Мисс Равенел уходит к северянам - [122]
— Почему вам не выйти замуж? — спросил он с англо-саксонской практичностью, беря быка за рога.
— Не надо шутить, — возразила миссис Ларю, склоняя к нему головку, чтобы он мог яснее видеть ее при свете луны. — В наше тяжелое время это совсем не так просто. А кроме того, позвольте мне быть откровенной: тот, кто мне нравится, не может жениться на мне.
— Это весьма прискорбно.
— А если я вам признаюсь, что он женат на другой? Сколь мучительно такое признание! Что тогда остается женщине? Духовное самоубийство или запретная страсть. Какое из двух преступлений ужаснее? И разве тайная страсть — преступление? Знаю, так судит нас общество. Но разве нет исключений из правил, пусть даже моральных правил? Когда человек любит, он всегда будет прав, ибо его побуждает к любви природа. И она никогда не одобрит удушения любви: это будет против ее священных законов.
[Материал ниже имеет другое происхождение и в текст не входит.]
text \<open>The points that are not fixed fall into orbits of size \<open>p\<close>.\<close>

lemma prime_dvd_card_fixpoints:
  assumes p: "prime p" and fin: "finite A" and maps: "f ` A \<subseteq> A"
    and period: "\<And>x. x \<in> A \<Longrightarrow> (f ^^ p) x = x" and dvd: "p dvd card A"
  shows "p dvd card {x \<in> A. f x = x}"
proof -
  define B where "B = {x \<in> A. f x \<noteq> x}"
  have self_in: "x \<in> orbit f x" if "x \<in> A" for x
    using period[OF that] prime_gt_0_nat[OF p] by (rule self_in_orbit_if_period)
  have orbit_in_B: "orbit f x \<subseteq> B" if x: "x \<in> B" for x
  proof
    fix y assume y: "y \<in> orbit f x"
    have "y \<in> A"
      using y x funpow_closed[of A f] maps by (auto simp: orbit_altdef B_def)
    moreover have "f y \<noteq> y"
    proof
      assume fixed: "f y = y"
      have "x \<in> orbit f y"
        using x orbit_swap[OF self_in y] by (simp add: B_def)
      then have "x = y"
        using orbit_eq_singleton_iff[of f y] fixed by simp
      then show False using x fixed by (simp add: B_def)
    qed
    ultimately show "y \<in> B" by (simp add: B_def)
  qed
  have B_union: "\<Union> (orbit f ` B) = B"
    using orbit_in_B self_in by (auto simp: B_def)
  have "p dvd card (\<Union> (orbit f ` B))"
  proof (rule dvd_partition)
    show "finite (\<Union> (orbit f ` B))"
      unfolding B_union using fin by (simp add: B_def)
    have "card (orbit f x) = p" if "x \<in> B" for x
      using that card_orbit_prime_period[OF p period] by (simp add: B_def)
    then show "\<forall>c\<in>orbit f ` B. p dvd card c"
      by simp
    have "orbit f x = orbit f y" if "x \<in> B" "y \<in> B" "z \<in> orbit f x" "z \<in> orbit f y" for x y z
      using that orbit_eq_of_self_in_orbit[OF self_in] by (metis B_def mem_Collect_eq)
    then show "\<forall>c1\<in>orbit f ` B. \<forall>c2\<in>orbit f ` B. c1 \<noteq> c2 \<longrightarrow> c1 \<inter> c2 = {}"
      by blast
  qed
  moreover have "card A = card {x \<in> A. f x = x} + card B"
  proof -
    have "card A = card ({x \<in> A. f x = x} \<union> B)"
      by (rule arg_cong[where f = card]) (auto simp: B_def)
    also have "\<dots> = card {x \<in> A. f x = x} + card B"
      using fin by (intro card_Un_disjoint) (auto simp: B_def)
    finally show ?thesis .
  qed
  ultimately show ?thesis
    using dvd B_union by (simp add: dvd_add_left_iff)
qed

section \<open>The diagonal group and the action of \<open>s\<close>\<close>

lemma Dg_nonzero: "d \<in> Dg p \<Longrightarrow> d i \<noteq> 0"
  by (cases "i < p") (auto simp: Dg_def)

lemma Dg_done1: "done1 \<in> Dg p"
  by (simp add: Dg_def done1_def)

lemma Dg_dmul: "x \<in> Dg p \<Longrightarrow> y \<in> Dg p \<Longrightarrow> dmul x y \<in> Dg p"
  by (simp add: Dg_def dmul_def)

lemma Dg_dinv: "x \<in> Dg p \<Longrightarrow> dinv x \<in> Dg p"
  by (simp add: Dg_def dinv_def)

lemma Dg_dpow: "x \<in> Dg p \<Longrightarrow> dpow x n \<in> Dg p"
  by (simp add: Dg_def dpow_def)

lemma Dg_sact: "x \<in> Dg p \<Longrightarrow> sact p x \<in> Dg p"
  by (simp add: Dg_def sact_def)

lemma dmul_done1 [simp]: "dmul x done1 = x" "dmul done1 x = x"
  by (simp_all add: dmul_def done1_def)

lemma dinv_done1 [simp]: "dinv done1 = done1"
  by (simp add: dinv_def done1_def)

lemma dpow_done1 [simp]: "dpow done1 n = done1"
  by (simp add: dpow_def done1_def)

lemma dpow_dmul: "dpow (dmul x y) n = dmul (dpow x n) (dpow y n)"
  by (simp add: dpow_def dmul_def power_mult_distrib)

lemma dpow_dinv: "dpow (dinv x) n = dinv (dpow x n)"
  by (simp add: dpow_def dinv_def power_inverse)

lemma dpow_dpow: "dpow (dpow x a) b = dpow x (a * b)"
  by (simp add: dpow_def power_mult)

lemma dmul_dinv_cancel:
  assumes "z \<in> Dg p"
  shows "dmul (dmul x z) (dinv z) = x"
  using Dg_nonzero[OF assms] by (simp add: dmul_def dinv_def fun_eq_iff)

lemma dpow_eq_done1_dvd:
  assumes "dpow x n = done1" and "n dvd m"
  shows "dpow x m = done1"
proof -
  obtain k where "m = n * k"
    using assms(2) by blast
  then show ?thesis
    using assms(1) by (simp flip: dpow_dpow)
qed

lemma dpow_Suc: "dpow x (Suc n) = dmul x (dpow x n)"
  by (simp add: dpow_def dmul_def)

lemma sact_apply: "sact p x i = (if i < p then x (if i = 0 then p - 1 else i - 1) else 1)"
  by (cases i) (simp_all add: sact_def)

lemma sact_dpow: "sact p (dpow x n) = dpow (sact p x) n"
  by (auto simp: sact_def dpow_def)

lemma sact_done1 [simp]: "sact p done1 = done1"
  by (simp add: sact_def done1_def)

lemma gam_dmul: "gam p (dmul x y) = dmul (gam p x) (gam p y)"
  by (auto simp: gam_def dmul_def dinv_def sact_def)

lemma gam_dinv: "gam p (dinv x) = dinv (gam p x)"
  by (auto simp: gam_def dmul_def dinv_def sact_def)

lemma gam_dpow: "gam p (dpow x n) = dpow (gam p x) n"
  by (auto simp: gam_def dmul_def dinv_def sact_def dpow_def power_mult_distrib power_inverse)

lemma gam_sact: "gam p (sact p x) = sact p (gam p x)"
  by (auto simp: gam_def dmul_def dinv_def sact_def)

lemma gam_done1 [simp]: "gam p done1 = done1"
  by (simp add: gam_def dmul_def dinv_def sact_def done1_def)

lemma funpow_gam_dmul: "(gam p ^^ k) (dmul x y) = dmul ((gam p ^^ k) x) ((gam p ^^ k) y)"
  by (induction k) (simp_all add: gam_dmul)

lemma funpow_gam_dinv: "(gam p ^^ k) (dinv x) = dinv ((gam p ^^ k) x)"
  by (induction k) (simp_all add: gam_dinv)

lemma funpow_gam_sact: "(gam p ^^ k) (sact p x) = sact p ((gam p ^^ k) x)"
  by (induction k) (simp_all add: gam_sact)

lemma funpow_gam_done1 [simp]: "(gam p ^^ k) done1 = done1"
  by (induction k) simp_all

lemma prod_sact:
  assumes "0 < p"
  shows "(\<Prod>i<p. sact p x i) = (\<Prod>i<p. x i)"
proof -
  obtain q where q: "p = Suc q"
    using assms by (cases p) auto
  have "(\<Prod>i<p. sact p x i) = x q * (\<Prod>i<q. x i)"
    unfolding q prod.lessThan_Suc_shift by (simp add: sact_apply)
  then show ?thesis
    by (simp add: q mult.commute)
qed

lemma Xg_Dg: "x \<in> Xg p \<Longrightarrow> x \<in> Dg p"
  by (simp add: Xg_def)

lemma Xg_done1: "done1 \<in> Xg p"
  by (simp add: Xg_def Dg_done1) (simp add: done1_def)

lemma Xg_dmul: "x \<in> Xg p \<Longrightarrow> y \<in> Xg p \<Longrightarrow> dmul x y \<in> Xg p"
  by (simp add: Xg_def Dg_dmul) (simp add: dmul_def prod.distrib)

lemma Xg_dinv: "x \<in> Xg p \<Longrightarrow> dinv x \<in> Xg p"
  by (simp add: Xg_def Dg_dinv) (simp add: dinv_def prod_inversef[of x, unfolded comp_def])

lemma Xg_dpow: "x \<in> Xg p \<Longrightarrow> dpow x n \<in> Xg p"
  by (simp add: Xg_def Dg_dpow) (simp add: dpow_def prod_power_distrib[symmetric])

lemma Xg_sact: "0 < p \<Longrightarrow> x \<in> Xg p \<Longrightarrow> sact p x \<in> Xg p"
  by (simp add: Xg_def Dg_sact prod_sact)

lemma Xg_gam: "0 < p \<Longrightarrow> x \<in> Xg p \<Longrightarrow> gam p x \<in> Xg p"
  unfolding gam_def by (intro Xg_dmul Xg_dinv Xg_sact)

lemma Xg_eq_done1I:
  assumes x: "x \<in> Xg p" and above: "\<And>i. 0 < i \<Longrightarrow> x i = 1"
  shows "x = done1"
proof -
  have "x 0 = 1"
  proof (cases p)
    case 0
    then show ?thesis
      using x by (simp add: Xg_def Dg_def)
  next
    case (Suc q)
    then have "x 0 * (\<Prod>t<q. x (Suc t)) = 1"
      using x by (simp add: Xg_def flip: prod.lessThan_Suc_shift)
    then show ?thesis
      using above by simp
  qed
  then have "x i = 1" for i
    using above by (cases i) simp_all
  then show ?thesis
    by (simp add: done1_def fun_eq_iff)
qed

lemma funpow_sact_apply:
  assumes "i < p"
  shows "(sact p ^^ k) x i = x ((i + k * (p - 1)) mod p)"
  using assms
proof (induction k arbitrary: i)
  case (Suc k)
  have "(sact p ^^ Suc k) x i = (sact p ^^ k) x ((i + p - 1) mod p)"
    unfolding funpow.simps comp_apply sact_def[of p "(sact p ^^ k) x"] using Suc.prems by simp
  also have "\<dots> = x (((i + p - 1) mod p + k * (p - 1)) mod p)"
    using Suc by simp
  also have "((i + p - 1) mod p + k * (p - 1)) mod p = (i + p - 1 + k * (p - 1)) mod p"
    by (rule mod_add_left_eq)
  also have "i + p - 1 + k * (p - 1) = i + Suc k * (p - 1)"
    using Suc.prems by simp
  finally show ?case .
qed simp

lemma funpow_sact_period:
  assumes "x \<in> Dg p"
  shows "(sact p ^^ p) x = x"
proof
  fix i
  show "(sact p ^^ p) x i = x i"
  proof (cases "i < p")
    case True
    then show ?thesis by (simp add: funpow_sact_apply)
  next
    case False
    then show ?thesis
      using assms by (cases p) (simp_all add: sact_def Dg_def)
  qed
qed

section \<open>The kernels of the powers of \<open>\<gamma>\<close>\<close>

definition dscalar :: "nat \<Rightarrow> complex \<Rightarrow> nat \<Rightarrow> complex" where
  "dscalar p w = (\<lambda>i. if i < p then w else 1)"

lemma sact_dscalar [simp]: "sact p (dscalar p w) = dscalar p w"
  by (auto simp: sact_def dscalar_def)

lemma sact_fixed_iff_scalar:
  assumes "x \<in> Dg p"
  shows "sact p x = x \<longleftrightarrow> x = dscalar p (x 0)"
proof
  assume fixed: "sact p x = x"
  have const: "x i = x 0" if "i < p" for i
    using that
  proof (induction i)
    case (Suc i)
    have "x (Suc i) = sact p x (Suc i)"
      using fixed by simp
    also have "\<dots> = x i"
      using Suc.prems by (simp add: sact_def)
    finally show ?case
      using Suc by simp
  qed simp
  show "x = dscalar p (x 0)"
  proof
    fix i
    show "x i = dscalar p (x 0) i"
      using const[of i] assms by (cases "i < p") (simp_all add: dscalar_def Dg_def)
  qed
next
  assume "x = dscalar p (x 0)"
  then show "sact p x = x"
    by (metis sact_dscalar)
qed

lemma gam_eq_done1_iff:
  assumes "x \<in> Dg p"
  shows "gam p x = done1 \<longleftrightarrow> sact p x = x"
proof -
  have "gam p x = done1 \<longleftrightarrow> (\<forall>i. x i * inverse (sact p x i) = 1)"
    by (simp add: gam_def dmul_def dinv_def done1_def fun_eq_iff)
  also have "\<dots> \<longleftrightarrow> (\<forall>i. x i = sact p x i)"
    using Dg_nonzero[OF Dg_sact[OF assms]] by (simp add: right_inverse_eq flip: divide_inverse)
  finally show ?thesis
    by (auto simp: fun_eq_iff)
qed

lemma dscalar_in_Xg_iff:
  assumes "0 < p"
  shows "dscalar p w \<in> Xg p \<longleftrightarrow> w ^ p = 1"
  using assms by (auto simp: Xg_def Dg_def dscalar_def zero_power)

lemma Xker_1_eq:
  assumes "0 < p"
  shows "Xker p 1 = dscalar p ` {w. w ^ p = 1}"
proof (intro equalityI subsetI)
  fix x assume "x \<in> Xker p 1"
  then have x: "x \<in> Xg p" and "gam p x = done1"
    by (simp_all add: Xker_def)
  then have "x = dscalar p (x 0)"
    using gam_eq_done1_iff sact_fixed_iff_scalar Xg_Dg by blast
  moreover have "x 0 ^ p = 1"
    using x dscalar_in_Xg_iff[OF assms] calculation by metis
  ultimately show "x \<in> dscalar p ` {w. w ^ p = 1}"
    by blast
next
  fix x assume "x \<in> dscalar p ` {w. w ^ p = 1}"
  then obtain w where "w ^ p = 1" and x: "x = dscalar p w"
    by blast
  then have "x \<in> Xg p"
    using dscalar_in_Xg_iff[OF assms] by simp
  moreover have "gam p x = done1"
    using calculation gam_eq_done1_iff Xg_Dg x by simp
  ultimately show "x \<in> Xker p 1"
    by (simp add: Xker_def)
qed

lemma card_Xker_1:
  assumes "0 < p"
  shows "finite (Xker p 1)" and "card (Xker p 1) = p"
proof -
  have "inj_on (dscalar p) {w. w ^ p = 1}"
    using assms by (auto simp: inj_on_def dscalar_def fun_eq_iff)
  then show "finite (Xker p 1)" and "card (Xker p 1) = p"
    unfolding Xker_1_eq[OF assms]
    using assms by (simp_all add: card_image finite_roots_unity card_roots_unity_eq)
qed

lemma dpow_Xker_1:
  assumes "0 < p" and "y \<in> Xker p 1"
  shows "dpow y p = done1"
  using assms unfolding Xker_1_eq[OF assms(1)] by (auto simp: dpow_def dscalar_def done1_def)

lemma ex_complex_nth_root:
  assumes "0 < n"
  shows "\<exists>c::complex. c ^ n = w"
proof (cases "w = 0")
  case False
  have "exp (Ln w / of_nat n) ^ n = exp (of_nat n * (Ln w / of_nat n))"
    by (simp only: exp_of_nat_mult)
  also have "\<dots> = w"
    using assms False by simp
  finally show ?thesis ..
qed (use assms in auto)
Разумеется, Картер видел, к чему клонится эта софистика, и отлично все понимал, но его англосаксонская совесть еще бунтовала. Речь шла о том, чтобы он изменил жене. Картер пока что не шел навстречу желаниям миссис Ларю, но опасался, что надолго его не хватит.
Миссис Ларю была весьма примечательной женщиной. И пороки ее и добродетели, равно и те и другие, проявлялись всегда импульсивно, без всяких к тому с ее стороны усилий. Она поступала всегда и во всем как ей вздумается, никаких угрызений совести никогда не испытывала и внимала только лишь голосу здравого смысла. Если хотелось грешить — грешила, себя не коря, а если хотелось быть милой — была действительно милой. И при этом оставалась спокойной и безмятежной, почти что как Лили в момент своего наибольшего счастья. Она была так обаятельна, так улыбалась, так умела сказать приятное, что мало кто из мужчин мог устоять перед ней. Ну, а женщины, те ее попросту ненавидели и за умение нравиться (а точнее сказать, обольщать), и за цинизм, с которым она эксплуатировала это свое искусство, и так дружно ее поносили, что каждый мужчина считал своим долгом стать на ее защиту. При этом миссис Ларю отнюдь не являлась рабыней того опьяняющего divin sens du génésique,[133] о котором любила распространяться в интимных беседах, а значит, была опасной холодной кокеткой и стремилась к победе не томимая страстью, а побуждаемая только тщеславием. Своими победами она очень гордилась и готова была ради них на большие жертвы.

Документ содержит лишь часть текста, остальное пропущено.